Ma di quei giorni, soprattutto per chi c’era, restano le ferite, la morte di Carlo Giuliani, i pestaggi indiscriminati, la macelleria della scuola Diaz e poi della detenzione a Bolzaneto. I ricordi sono flebili, i leader politici di allora che guardavano dalle sale dei commissariati l’evolversi degli eventi: Fini, Scajola, Castelli, sembrano lontani nel tempo, gli uomini che materialmente eseguirono o fecero eseguire gli ordini sono invece, in gran parte, ancora in sella, anche se magari impegnati in altre carriere. Uno fra tutti, il cui cognome ancora riecheggia nella memoria, è certamente l’allora Capo della Polizia, Gianni De Gennaro, sparito dalla scena pubblica e poi riapparso.

Uno degli uomini più potenti e nebulosi, della storia italiana recente, sembrava aver deciso di godersi un buen retiro a Roma in Via Michelangelo Caetani, dove era ed è ancora Presidente del Centro Studi Americani, un’istituzione nata, sotto altro nome, nel 1918, con la comunità statunitense a Roma per rendere più solidi i rapporti fra Usa e Italia. Con l’acquisizione della sede attuale, nel 1936, il Centro è cresciuto non solo dotandosi di una biblioteca di oltre 50 mila volumi, principalmente riguardanti la storia degli Usa nelle sue relazioni con il nostro Paese, ma organizzando sovente convegni, visite di studio bilaterali fra Stati Uniti e Italia e mantenendo relazioni con numerosi enti e iniziative che vedono la partecipazione dell’ambasciata statunitense. Il vicepresidente è, come il suo superiore, un prefetto, Roberto Sgalla, si tenga a mente questo nome a seguire.
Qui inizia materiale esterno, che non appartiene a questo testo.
lemma A_prime_entry:
  assumes pad: "padded_index N d phi chi f" and rc: "r < N" "c < N"
  shows "A_prime N d B phi chi theta f k r c =
    (if overlap N phi chi r c \<noteq> 0 then (1 / 2 ^ B) * (\<Sum>b<2 ^ B. if b < k c r then 1 else (-1) ^ b)
       * exp (\<i> * complex_of_real (Arg (overlap N phi chi r c)) - \<i> * complex_of_real (theta c)) else 0)"
    (is "_ = (if ?nz then ?X else 0)")
proof -
  have coloured: "c \<in> {j. j < N \<and> in_V0 N phi chi f c1 c2 j} \<and> f 0 c c1 = r \<longleftrightarrow>
      ?nz \<and> f 0 c c1 = r \<and> f 1 r c2 = c" for c1 c2
    using rc by (auto simp: in_V0_def)
  have fin: "finite {j. j < N \<and> in_V0 N phi chi f c1 c2 j}" for c1 c2 by simp
  have "A_prime N d B phi chi theta f k r c =
      (\<Sum>c1<d. \<Sum>c2<d. if ?nz \<and> f 0 c c1 = r \<and> f 1 r c2 = c then ?X else 0)"
    unfolding A_prime_def sum_ketbra[OF fin] coloured
    by (intro sum.cong refl if_cong) (auto simp: g_fun_def)
  also have "\<dots> = (if ?nz then ?X else 0)"
  proof (cases ?nz)
    case True
    have "(\<Sum>c1<d. \<Sum>c2<d. if ?nz \<and> f 0 c c1 = r \<and> f 1 r c2 = c then ?X else 0)
        = (\<Sum>c1<d. if f 0 c c1 = r then \<Sum>c2<d. if f 1 r c2 = c then ?X else 0 else 0)"
      using True by (intro sum.cong) auto
    also have "\<dots> = ?X"
      using padded_index_unique_colours[OF pad rc True] by (simp add: sum_if_unique)
    finally show ?thesis using True by simp
  qed simp
  finally show ?thesis .
qed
Fra i prossimi appuntamenti organizzati dal Centro Studi segnaliamo quello del 20 luglio prossimo, la presentazione del libro La guerra in casa. Come e perché la corsa al riarmo riguarda tutti noi di Roberto Arditti, a cui interverranno, oltre all’autore, Giuliano Amato, Presidente emerito della Corte costituzionale (ricordare anche questo nome) e Lorenzo Guerini, Presidente del Copasir.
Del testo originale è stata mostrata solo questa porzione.